According to Olson, the ketone is a natural component of several types of berries and it increases Lypolosis, which is "fat-burning." But don't get too excited, because an important detail seems to have been left out of most of the ads you might have seen.

"The studies that suggest that this occurs have only been done in mice. So, there's absolutely no scientific evidence in peer review journals that suggests it would work in humans as well," Mark said.

Gene Power, a Professor Of Kinesiology at Del Mar College agrees with Olson.

"To my knowledge there are no clinical trials of this product," he said.

Powers tells me that the lab rats were fed a fatty meal then fed 2% of their own body weight of the ketones, in order to make the rats "lose weight."

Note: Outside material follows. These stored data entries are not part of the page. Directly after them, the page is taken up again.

lemma weighted_orbit_energy:
  assumes f: "L2 f" and l: "l > 0" and \<rho>: "\<rho> > 0" "\<rho> < l"
  shows "(\<integral>\<^sup>+x. (\<Sum>k. ennreal (\<rho>^k * (indicator {0..} x * (cmod (f (l^k * x)))\<^sup>2))) \<partial>lborel) < \<infinity>"
proof -
  have [measurable]: "f \<in> borel_measurable borel" and fN: "L2sq f < \<infinity>"
    using f L2_iff_L2sq by auto
  have energy_k: "(\<integral>\<^sup>+x. ennreal (\<rho>^k * (indicator {0..} x * (cmod (f (l^k * x)))\<^sup>2)) \<partial>lborel)
      = ennreal ((\<rho> / l)^k) * L2sq f" for k
  proof -
    have "(\<integral>\<^sup>+x. ennreal (\<rho>^k * (indicator {0..} x * (cmod (f (l^k * x)))\<^sup>2)) \<partial>lborel)
        = ennreal (\<rho>^k) * L2sq (\<lambda>x. f (l^k * x))"
      unfolding L2sq_def using \<rho> by (simp add: ennreal_mult nn_integral_cmult)
    also have "\<dots> = ennreal (\<rho>^k) * ennreal (1 / l^k) * L2sq f"
      using l by (simp add: L2sq_dilate mult.assoc)
    also have "ennreal (\<rho>^k) * ennreal (1 / l^k) = ennreal ((\<rho> / l)^k)"
      using \<rho> l by (simp add: power_divide ennreal_mult[symmetric])
    finally show ?thesis .
  qed
  have "(\<integral>\<^sup>+x. (\<Sum>k. ennreal (\<rho>^k * (indicator {0..} x * (cmod (f (l^k * x)))\<^sup>2))) \<partial>lborel)
      = (\<Sum>k. ennreal ((\<rho> / l)^k)) * L2sq f"
    by (simp add: nn_integral_suminf energy_k ennreal_suminf_multc)
  also have "(\<Sum>k. ennreal ((\<rho> / l)^k)) = ennreal (\<Sum>k. (\<rho> / l)^k)"
    using \<rho> l by (intro suminf_ennreal2 summable_geometric) auto
  finally show ?thesis using fN by (simp add: ennreal_mult_less_top)
qed

(* Absolute summability of the dilation orbit of f at x with geometric weights w^k; this is
   the pointwise condition under which the series defining T_m may be manipulated. *)
definition orbit_summable :: "real \<Rightarrow> real \<Rightarrow> (real \<Rightarrow> complex) \<Rightarrow> real \<Rightarrow> bool" where
  "orbit_summable w l f x \<longleftrightarrow> summable (\<lambda>k. w^k * cmod (f (l^k * x)))"

lemma orbit_summable_dilate:
  "orbit_summable w l (\<lambda>y. f (l * y)) x \<longleftrightarrow> orbit_summable w l f (l * x)"
  unfolding orbit_summable_def by (simp add: mult.left_commute)

lemma orbit_summable_step:
  assumes "orbit_summable w l f x" "w > 0"
  shows "orbit_summable w l f (l * x)"
proof -
  have "summable (\<lambda>k. w^Suc k * cmod (f (l^Suc k * x)))"
    using assms(1) unfolding orbit_summable_def by (subst summable_Suc_iff)
  then have "summable (\<lambda>k. (1 / w) * (w^Suc k * cmod (f (l^Suc k * x))))"
    by (rule summable_mult)
  moreover have "(1 / w) * (w^Suc k * cmod (f (l^Suc k * x))) = w^k * cmod (f (l^k * (l * x)))" for k
    using assms(2) by (simp add: mult.assoc mult.left_commute)
  ultimately show ?thesis unfolding orbit_summable_def by simp
qed

lemma orbit_summable_add:
  assumes "orbit_summable w l f x" "orbit_summable w l g x" "w \<ge> 0"
  shows "orbit_summable w l (\<lambda>y. f y + a * g y) x"
  unfolding orbit_summable_def
proof (rule summable_comparison_test')
  show "summable (\<lambda>k. w^k * cmod (f (l^k * x)) + cmod a * (w^k * cmod (g (l^k * x))))"
    using assms unfolding orbit_summable_def by (intro summable_add summable_mult)
  show "norm (w^k * cmod (f (l^k * x) + a * g (l^k * x)))
      \<le> w^k * cmod (f (l^k * x)) + cmod a * (w^k * cmod (g (l^k * x)))" for k
  proof -
    have "cmod (f (l^k * x) + a * g (l^k * x)) \<le> cmod (f (l^k * x)) + cmod a * cmod (g (l^k * x))"
      by (metis norm_mult norm_triangle_ineq)
    then have "w^k * cmod (f (l^k * x) + a * g (l^k * x))
        \<le> w^k * (cmod (f (l^k * x)) + cmod a * cmod (g (l^k * x)))"
      using assms(3) by (simp add: mult_left_mono)
    then show ?thesis using assms(3) by (simp add: algebra_simps)
  qed
qed

(* Choose w^2 < rho < l
   and combine the weighted energy with the weighted Cauchy-Schwarz bound. *)
lemma dilation_series_L2:
  assumes f: "L2 f" and l: "l > 0" and w: "0 \<le> w" "w\<^sup>2 < l"
  shows "AE x in lborel. 0 \<le> x \<longrightarrow> orbit_summable w l f x"
    and "(\<integral>\<^sup>+x. ennreal (indicator {0..} x * (\<Sum>k. w^k * cmod (f (l^k * x)))\<^sup>2) \<partial>lborel) < \<infinity>"
proof -
  define \<rho> where "\<rho> = (w\<^sup>2 + l) / 2"
  have \<rho>: "w\<^sup>2 < \<rho>" "\<rho> > 0" "\<rho> < l"
    using w l unfolding \<rho>_def by (auto simp: field_simps add_pos_nonneg)
  define C where "C = \<rho> / (\<rho> - w\<^sup>2)"
  define b where "b k x = \<rho>^k * (indicator {0..} x * (cmod (f (l^k * x)))\<^sup>2)" for k x
  define G where "G x = (\<Sum>k. ennreal (b k x))" for x
  have b0: "b k x \<ge> 0" for k x unfolding b_def using \<rho> by simp
  have G_fin: "(\<integral>\<^sup>+x. G x \<partial>lborel) < \<infinity>"
    using weighted_orbit_energy[OF f l \<rho>(2,3)] by (simp only: G_def b_def)
  have [measurable]: "f \<in> borel_measurable borel" using f L2_iff_L2sq by auto
  have [measurable]: "G \<in> borel_measurable borel" unfolding G_def b_def by measurable
  have pointwise: "orbit_summable w l f x \<and>
      ennreal (indicator {0..} x * (\<Sum>k. w^k * cmod (f (l^k * x)))\<^sup>2) \<le> ennreal C * G x"
    if x: "0 \<le> x" "G x \<noteq> \<infinity>" for x
  proof -
    have sb: "summable (\<lambda>k. b k x)"
      using x b0 unfolding G_def by (intro summable_suminf_not_top) auto
    have Gx: "G x = ennreal (\<Sum>k. b k x)"
      unfolding G_def using b0 sb by (intro suminf_ennreal2) auto
    have bx: "b k x = \<rho>^k * (cmod (f (l^k * x)))\<^sup>2" for k using x by (simp add: b_def)
    note bound = weighted_series_sq_bound[of "\<lambda>k. cmod (f (l^k * x))" w \<rho>]
    have "(\<Sum>k. w^k * cmod (f (l^k * x)))\<^sup>2 \<le> C * (\<Sum>k. b k x)"
      using bound(2) sb w \<rho> unfolding bx C_def by simp
    moreover have "ennreal (C * (\<Sum>k. b k x)) = ennreal C * G x"
      unfolding Gx using b0 sb \<rho> by (intro ennreal_mult) (auto simp: C_def suminf_nonneg)
    ultimately have "ennreal ((\<Sum>k. w^k * cmod (f (l^k * x)))\<^sup>2) \<le> ennreal C * G x"
      by (metis ennreal_leI)
    moreover have "orbit_summable w l f x"
      using bound(1) sb w \<rho> unfolding bx orbit_summable_def by simp
    ultimately show ?thesis using x by simp
  qed
  have AE_G: "AE x in lborel. G x \<noteq> \<infinity>"
    using G_fin by (intro nn_integral_PInf_AE) auto
  then show "AE x in lborel. 0 \<le> x \<longrightarrow> orbit_summable w l f x"
    by eventually_elim (use pointwise in auto)
  have "(\<integral>\<^sup>+x. ennreal (indicator {0..} x * (\<Sum>k. w^k * cmod (f (l^k * x)))\<^sup>2) \<partial>lborel)
      \<le> (\<integral>\<^sup>+x. ennreal C * G x \<partial>lborel)"
    using AE_G by (intro nn_integral_mono_AE, eventually_elim) (use pointwise in \<open>auto simp: indicator_def\<close>)
  also have "\<dots> = ennreal C * (\<integral>\<^sup>+x. G x \<partial>lborel)"
    by (rule nn_integral_cmult) measurable
  finally show "(\<integral>\<^sup>+x. ennreal (indicator {0..} x * (\<Sum>k. w^k * cmod (f (l^k * x)))\<^sup>2) \<partial>lborel) < \<infinity>"
    using G_fin by (simp add: ennreal_mult_less_top le_less_trans)
qed
lemma Psi_D_odd_iff:
  assumes n: "n = 2 * m + 3" "1 \<le> m"
  shows "w \<in> Psi (D n) \<longleftrightarrow> w \<in> dominant (D n) \<and> even (w (n - 1) + w n)"
proof
  have n4: "4 \<le> n" using n by simp
  assume w: "w \<in> Psi (D n)"
  let ?g = "D_odd_form n"
  have total: "4 dvd (\<Sum>j\<in>{1..n}. ?g j * (2 * w j))"
    using root_lattice_dvd_linear_form[OF D_odd_linear_form_dvd[OF n], of "\<lambda>j. 2 * w j"] w
    by (simp add: Psi_def)
  have "{1..n} = insert n (insert (n - 1) {1..n - 2})"
    and "n \<notin> insert (n - 1) {1..n - 2}" "n - 1 \<notin> {1..n - 2}" using n4 by auto
  moreover have "?g (n - 1) = 1" "?g n = -1" using n4 by (auto simp: D_odd_form_def)
  ultimately have split: "(\<Sum>j\<in>{1..n}. ?g j * (2 * w j))
      = (\<Sum>j\<in>{1..n - 2}. ?g j * (2 * w j)) + (2 * w (n - 1) - 2 * w n)"
    by simp
  have "4 dvd (\<Sum>j\<in>{1..n - 2}. ?g j * (2 * w j))"
    by (intro dvd_sum) (auto simp: D_odd_form_def)
  from dvd_add_right_iff[OF this] total have "4 dvd 2 * w (n - 1) - 2 * w n"
    unfolding split by simp
  then have "even (w (n - 1) + w n)" by presburger
  with w show "w \<in> dominant (D n) \<and> even (w (n - 1) + w n)" by (simp add: Psi_def)
next
  have n4: "4 \<le> n" using n by simp
  assume h: "w \<in> dominant (D n) \<and> even (w (n - 1) + w n)"
  then have w: "w \<in> dominant (D n)" by simp
  from h have "even (w (n - 1) - w n)" by simp
  then obtain k where k: "w (n - 1) - w n = 2 * k" by (rule evenE)
  have "(\<lambda>j. 2 * w j) = (\<lambda>j. (\<Sum>i\<in>{1..n - 2}. w i * (2 * \<omega> i j))
      + w n * (2 * (\<omega> (n - 1) j + \<omega> n j)) + k * (4 * \<omega> (n - 1) j))"
  proof
    fix j
    have "(\<Sum>i\<in>{1..n - 2}. w i * (2 * \<omega> i j)) = (\<Sum>i\<in>{1..n - 2}. if i = j then 2 * w j else 0)"
      by (rule sum.cong) (auto simp: fundamental_weight_def)
    also have "\<dots> = (if j \<in> {1..n - 2} then 2 * w j else 0)"
      by simp
    finally have "(\<Sum>i\<in>{1..n - 2}. w i * (2 * \<omega> i j)) = (if j \<in> {1..n - 2} then 2 * w j else 0)" .
    moreover have "j \<in> {1..n - 2} \<or> j = n - 1 \<or> j = n \<or> j \<notin> {1..n}" using n4 by auto
    ultimately show "2 * w j = (\<Sum>i\<in>{1..n - 2}. w i * (2 * \<omega> i j))
        + w n * (2 * (\<omega> (n - 1) j + \<omega> n j)) + k * (4 * \<omega> (n - 1) j)"
      using w k n4 by (auto simp: fundamental_weight_def dominant_def weights_def)
  qed
  also have "\<dots> \<in> root_lattice (D n)"
  proof (intro root_lattice_add)
    show "(\<lambda>j. \<Sum>i\<in>{1..n - 2}. w i * (2 * \<omega> i j)) \<in> root_lattice (D n)"
      using D_twice_fundamental_weight_in_root_lattice[OF n4]
      by (intro root_lattice_sum[where f = "\<lambda>i j. 2 * \<omega> i j"]) auto
    show "(\<lambda>j. w n * (2 * (\<omega> (n - 1) j + \<omega> n j))) \<in> root_lattice (D n)"
      by (rule root_lattice_scale[OF D_spin_weight_multiples_in_root_lattice(1)[OF n4]])
    show "(\<lambda>j. k * (4 * \<omega> (n - 1) j)) \<in> root_lattice (D n)"
      by (rule root_lattice_scale[OF D_spin_weight_multiples_in_root_lattice(2)[OF n4]])
  qed
  finally show "w \<in> Psi (D n)" using w by (simp add: Psi_def)
qed

lemma Psi_min_D_odd:
  assumes n: "n = 2 * m + 3" "1 \<le> m"
  shows "Psi_min (D n) = insert (\<lambda>j. 2 * \<omega> (n - 1) j) (insert (\<lambda>j. 2 * \<omega> n j)
    (insert (\<lambda>j. \<omega> (n - 1) j + \<omega> n j) (\<omega> ` {1..n - 2})))"
    (is "_ = insert ?a (insert ?b (insert ?c ?F))")
proof (rule Psi_min_eqI)
  have n4: "4 \<le> n" using n by simp
  have "?F \<subseteq> Psi (D n)"
    using fundamental_weight_in_Psi[of _ "D n" 1] D_twice_fundamental_weight_in_root_lattice[OF n4] by auto
  moreover have "?a \<in> Psi (D n)" "?b \<in> Psi (D n)" "?c \<in> Psi (D n)"
    using n4 by (auto simp: Psi_D_odd_iff[OF n] dominant_def weights_def fundamental_weight_def)
  moreover have "?a \<noteq> (\<lambda>j. 0)" "?b \<noteq> (\<lambda>j. 0)" "?c \<noteq> (\<lambda>j. 0)"
    using fun_cong[of ?a "\<lambda>j. 0" "n - 1"] fun_cong[of ?b "\<lambda>j. 0" n] fun_cong[of ?c "\<lambda>j. 0" n] n4
    by (auto simp: fundamental_weight_def split: if_splits)
  ultimately show "insert ?a (insert ?b (insert ?c ?F)) \<subseteq> Psi (D n) - {\<lambda>j. 0}"
    using fundamental_weight_ne_0 by auto
next
  have n4: "4 \<le> n" using n by simp
  fix w assume w: "w \<in> Psi (D n) - {\<lambda>j. 0}"
  have nonneg: "0 \<le> w j" for j using w Psi_nonneg by blast
  have parity: "even (w (n - 1) + w n)" using w Psi_D_odd_iff[OF n] by blast
  show "\<exists>s\<in>insert ?a (insert ?b (insert ?c ?F)). s \<le> w"
  proof (cases "\<exists>i\<in>{1..n - 2}. 1 \<le> w i")
    case True
    then obtain i where "i \<in> {1..n - 2}" "\<omega> i \<le> w"
      using fundamental_weight_le_iff[of w 1] nonneg by auto
    then show ?thesis by blast
  next
    case no_chain: False
    obtain j where j: "j \<in> {1..n}" "1 \<le> w j" using w by (rule Psi_nonzero_coordinate) simp
    have off: "w i = 0" if "i \<noteq> n - 1" "i \<noteq> n" for i
    proof (cases "i \<in> {1..n - 2}")
      case True
      then have "\<not> 1 \<le> w i" using no_chain by blast
      then show ?thesis using nonneg[of i] by linarith
    next
      case False
      then show ?thesis using Psi_outside_rank[of w "D n" i] w that by auto
    qed
    have "j = n - 1 \<or> j = n" using j off[of j] by fastforce
    then have "1 \<le> w (n - 1) \<or> 1 \<le> w n" using j by auto
    then have "(1 \<le> w (n - 1) \<and> 1 \<le> w n) \<or> 2 \<le> w (n - 1) \<or> 2 \<le> w n"
      using nonneg[of "n - 1"] nonneg[of n] parity by presburger
    then consider "1 \<le> w (n - 1)" "1 \<le> w n" | "2 \<le> w (n - 1)" | "2 \<le> w n" by blast
    then show ?thesis
    proof cases
      case 1
      then have "?c \<le> w" using nonneg n4 by (auto simp: le_fun_def fundamental_weight_def)
      then show ?thesis by blast
    next
      case 2
      then have "?a \<le> w" using nonneg by (auto simp: le_fun_def fundamental_weight_def)
      then show ?thesis by blast
    next
      case 3
      then have "?b \<le> w" using nonneg by (auto simp: le_fun_def fundamental_weight_def)
      then show ?thesis by blast
    qed
  qed
next
  have n4: "4 \<le> n" using n by simp
  fix s s' assume s: "s \<in> insert ?a (insert ?b (insert ?c ?F))"
    and s': "s' \<in> insert ?a (insert ?b (insert ?c ?F))" and "s \<le> s'"
  then have le: "s x \<le> s' x" for x by (simp add: le_funD)
  from s show "s = s'"
  proof (elim insertE imageE)
    assume "s = ?a" then show ?thesis using s' le[of "n - 1"] n4 by (auto simp: fundamental_weight_def split: if_splits)
  next
    assume "s = ?b" then show ?thesis using s' le[of n] n4 by (auto simp: fundamental_weight_def split: if_splits)
  next
    assume "s = ?c" then show ?thesis using s' le[of "n - 1"] le[of n] n4 by (auto simp: fundamental_weight_def split: if_splits)
  next
    fix i assume "s = \<omega> i" "i \<in> {1..n - 2}"
    then show ?thesis using s' le[of i] n4 by (auto simp: fundamental_weight_def split: if_splits)
  qed
qed

lemma card_Psi_min_D_odd:
  assumes n: "n = 2 * m + 3" "1 \<le> m"
  shows "card (Psi_min (D n)) = n + 1"
proof -
  have n4: "4 \<le> n" using n by simp
  let ?a = "\<lambda>j. 2 * \<omega> (n - 1) j" and ?b = "\<lambda>j. 2 * \<omega> n j" and ?c = "\<lambda>j. \<omega> (n - 1) j + \<omega> n j"
  have "?c \<notin> \<omega> ` {1..n - 2}"
  proof
    assume "?c \<in> \<omega> ` {1..n - 2}"
    then obtain i where "i \<in> {1..n - 2}" "?c = \<omega> i" by blast
    from fun_cong[OF this(2), of n] show False
      using \<open>i \<in> {1..n - 2}\<close> n4 by (auto simp: fundamental_weight_def split: if_splits)
  qed
  moreover have "?b \<notin> insert ?c (\<omega> ` {1..n - 2})"
  proof
    assume "?b \<in> insert ?c (\<omega> ` {1..n - 2})"
    then obtain f where f: "f = ?c \<or> (\<exists>i \<in> {1..n - 2}. f = \<omega> i)" and eq: "?b = f" by blast
    from fun_cong[OF eq, of n] have "?b n = f n" .
    then show False
      using f n4 by (auto simp: fundamental_weight_def split: if_splits)
  qed
  moreover have "?a \<notin> insert ?b (insert ?c (\<omega> ` {1..n - 2}))"
  proof
    assume "?a \<in> insert ?b (insert ?c (\<omega> ` {1..n - 2}))"
    then obtain f where f: "f = ?b \<or> f = ?c \<or> (\<exists>i \<in> {1..n - 2}. f = \<omega> i)" and eq: "?a = f" by blast
    from fun_cong[OF eq, of "n - 1"] have "?a (n - 1) = f (n - 1)" .
    then show False
      using f n4 by (auto simp: fundamental_weight_def split: if_splits)
  qed
  moreover have "card (\<omega> ` {1..n - 2}) = n - 2"
    using inj_fundamental_weight by (simp add: card_image inj_on_subset)
  ultimately show ?thesis
    using n4 by (simp add: Psi_min_D_odd[OF n])
qed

Power explained, "That would be, for me, as a 200 pound man, I would have to eat, like, 4 pounds of this dietary supplement everyday, to get a fat burning effect. If it works in human beings at all."

Since February, the dietary supplements have been flying off the shelves, and both of these men think they know why.

"The hype was basically from a famous doctor's television show," Power said.

"And now I've got the number 1 miracle in a bottle to burn fat, it's raspberry ketones," said Dr. Oz in a February episode of the Dr. Oz Show.

I found this clip on the Dr. Oz Show website and though this doctor calls raspberry ketones a "miracle in a bottle," my professors aren't buying it.

"The statements that are being made are not FDA approved," said Olson.

And at an average of $20 a bottle online, there has to be another way to lose weight, though it may not be as convenient.

I asked Olson, "Would you recommend this to me?"

He replied, "You know, probably not, I mean, people want to take a miracle drug to lose weight."

"There's no magic pill, there's no secret exercise program, it's lifestyle," Power added.